(Extracted material begins)
text \<open>Integrate by parts against \<open>cis \<psi> = (cis \<psi>)' / (\<i> \<psi>')\<close>: the boundary terms
  contribute \<open>2 / l\<close>, and since \<open>\<psi>'\<close> is monotone the remaining integral is at most the
  total variation of \<open>1 / \<psi>'\<close>, another \<open>2 / l\<close>.\<close>

lemma van_der_Corput_first_derivative_convex:
  fixes \<psi> \<psi>' \<psi>'' :: "real \<Rightarrow> real"
  assumes "a \<le> b" and "l > 0"
    and \<psi>': "\<And>\<xi>. \<xi> \<in> {a..b} \<Longrightarrow> (\<psi> has_real_derivative \<psi>' \<xi>) (at \<xi>)"
    and \<psi>'': "\<And>\<xi>. \<xi> \<in> {a..b} \<Longrightarrow> (\<psi>' has_real_derivative \<psi>'' \<xi>) (at \<xi>)"
    and cont: "continuous_on {a..b} \<psi>''"
    and convex: "\<And>\<xi>. \<xi> \<in> {a..b} \<Longrightarrow> \<psi>'' \<xi> \<ge> 0"
    and slope: "\<And>\<xi>. \<xi> \<in> {a..b} \<Longrightarrow> l \<le> \<bar>\<psi>' \<xi>\<bar>"
  shows "norm (integral {a..b} (\<lambda>\<xi>. cis (\<psi> \<xi>))) \<le> 4 / l"
proof -
  have nz: "\<psi>' \<xi> \<noteq> 0" if "\<xi> \<in> {a..b}" for \<xi> using slope[OF that] \<open>l > 0\<close> by auto
  define H where "H \<xi> = - 1 / \<psi>' \<xi>" for \<xi>
  define F where "F \<xi> = cis (\<psi> \<xi>) * (\<i> * of_real (H \<xi>))" for \<xi>
  define G where "G \<xi> = cis (\<psi> \<xi>) * (\<i> * of_real (\<psi>'' \<xi> / (\<psi>' \<xi>)\<^sup>2))" for \<xi>
  have H_bound: "\<bar>H \<xi>\<bar> \<le> 1 / l" if "\<xi> \<in> {a..b}" for \<xi>
    using slope[OF that] \<open>l > 0\<close> by (simp add: H_def frac_le)
  have dH: "(H has_real_derivative \<psi>'' \<xi> / (\<psi>' \<xi>)\<^sup>2) (at \<xi>)" if "\<xi> \<in> {a..b}" for \<xi>
    unfolding H_def using \<psi>''[OF that] nz[OF that]
    by (auto intro!: derivative_eq_intros simp: power2_eq_square)
  have H_integral: "((\<lambda>\<xi>. \<psi>'' \<xi> / (\<psi>' \<xi>)\<^sup>2) has_integral H b - H a) {a..b}"
    using dH by (intro fundamental_theorem_of_calculus[OF \<open>a \<le> b\<close>])
      (simp add: has_real_derivative_iff_has_vector_derivative[symmetric] has_field_derivative_at_within)
  have dF: "(F has_vector_derivative (cis (\<psi> \<xi>) + G \<xi>)) (at \<xi> within {a..b})"
    if "\<xi> \<in> {a..b}" for \<xi>
  proof -
    have "(F has_vector_derivative cis (\<psi> \<xi>) * (\<i> * of_real (\<psi>'' \<xi> / (\<psi>' \<xi>)\<^sup>2))
             + \<i> * of_real (\<psi>' \<xi>) * cis (\<psi> \<xi>) * (\<i> * of_real (H \<xi>))) (at \<xi> within {a..b})"
      unfolding F_def
      using has_vector_derivative_mult[OF has_vector_derivative_const
          has_vector_derivative_of_real[OF has_field_derivative_at_within[OF dH[OF that]]], of \<i>]
      by (intro has_vector_derivative_mult has_vector_derivative_cis
          has_field_derivative_at_within[OF \<psi>'[OF that]]) simp
    moreover have "\<i> * of_real (\<psi>' \<xi>) * cis (\<psi> \<xi>) * (\<i> * of_real (H \<xi>)) = cis (\<psi> \<xi>)"
    proof -
      have "of_real (\<psi>' \<xi>) * of_real (H \<xi>) = (-1 :: complex)"
        using nz[OF that] by (simp add: H_def flip: of_real_mult)
      then show ?thesis by (simp add: algebra_simps)
    qed
    ultimately show ?thesis by (simp add: G_def add.commute)
  qed
  have cont_\<psi>: "continuous_on {a..b} \<psi>" and cont_\<psi>': "continuous_on {a..b} \<psi>'"
    using \<psi>' \<psi>'' by (meson DERIV_isCont continuous_at_imp_continuous_on)+
  have G_int: "G integrable_on {a..b}"
    unfolding G_def using nz cont_\<psi> cont_\<psi>' cont
    by (auto intro!: integrable_continuous_real continuous_intros)
  have cis_int: "(\<lambda>\<xi>. cis (\<psi> \<xi>)) integrable_on {a..b}"
    using cont_\<psi> by (auto intro!: integrable_continuous_real continuous_intros)
  have parts: "integral {a..b} (\<lambda>\<xi>. cis (\<psi> \<xi>)) = (F b - F a) - integral {a..b} G"
    using integral_add[OF cis_int G_int] fundamental_theorem_of_calculus[OF \<open>a \<le> b\<close> dF]
    by (simp add: integral_unique)
  have "norm (integral {a..b} G) \<le> integral {a..b} (\<lambda>\<xi>. \<psi>'' \<xi> / (\<psi>' \<xi>)\<^sup>2)"
  proof (rule integral_norm_bound_integral)
    show "G integrable_on {a..b}" by (fact G_int)
    show "(\<lambda>\<xi>. \<psi>'' \<xi> / (\<psi>' \<xi>)\<^sup>2) integrable_on {a..b}"
      using H_integral by blast
    show "norm (G \<xi>) \<le> \<psi>'' \<xi> / (\<psi>' \<xi>)\<^sup>2" if "\<xi> \<in> {a..b}" for \<xi>
      using convex[OF that] by (simp only: G_def norm_mult norm_cis norm_ii norm_of_real) simp
  qed
  also have "\<dots> = H b - H a"
    using H_integral by (rule integral_unique)
  also have "\<dots> \<le> 2 / l" using H_bound[of a] H_bound[of b] \<open>a \<le> b\<close> by simp
  finally have "norm (integral {a..b} G) \<le> 2 / l" .
  moreover have "norm (F \<xi>) = \<bar>H \<xi>\<bar>" for \<xi>
    by (simp only: F_def norm_mult norm_cis norm_ii norm_of_real mult_1_left)
  then have "norm (F b - F a) \<le> 2 / l"
    using H_bound[of a] H_bound[of b] \<open>a \<le> b\<close> norm_triangle_ineq4[of "F b" "F a"] by simp
  ultimately show ?thesis
    unfolding parts using norm_triangle_ineq4[of "F b - F a" "integral {a..b} G"] by linarith
qed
(Extracted material ends)
Instructions for the task → Of the entries listed above, reproduce only the lines starting at the line containing "define G where" and ending at the line containing "by (auto intro!: derivative_eq_intros". Include both, exactly as they stand.

Task result →
  define G where "G \<xi> = cis (\<psi> \<xi>) * (\<i> * of_real (\<psi>'' \<xi> / (\<psi>' \<xi>)\<^sup>2))" for \<xi>
  have H_bound: "\<bar>H \<xi>\<bar> \<le> 1 / l" if "\<xi> \<in> {a..b}" for \<xi>
    using slope[OF that] \<open>l > 0\<close> by (simp add: H_def frac_le)
  have dH: "(H has_real_derivative \<psi>'' \<xi> / (\<psi>' \<xi>)\<^sup>2) (at \<xi>)" if "\<xi> \<in> {a..b}" for \<xi>
    unfolding H_def using \<psi>''[OF that] nz[OF that]
    by (auto intro!: derivative_eq_intros simp: power2_eq_square)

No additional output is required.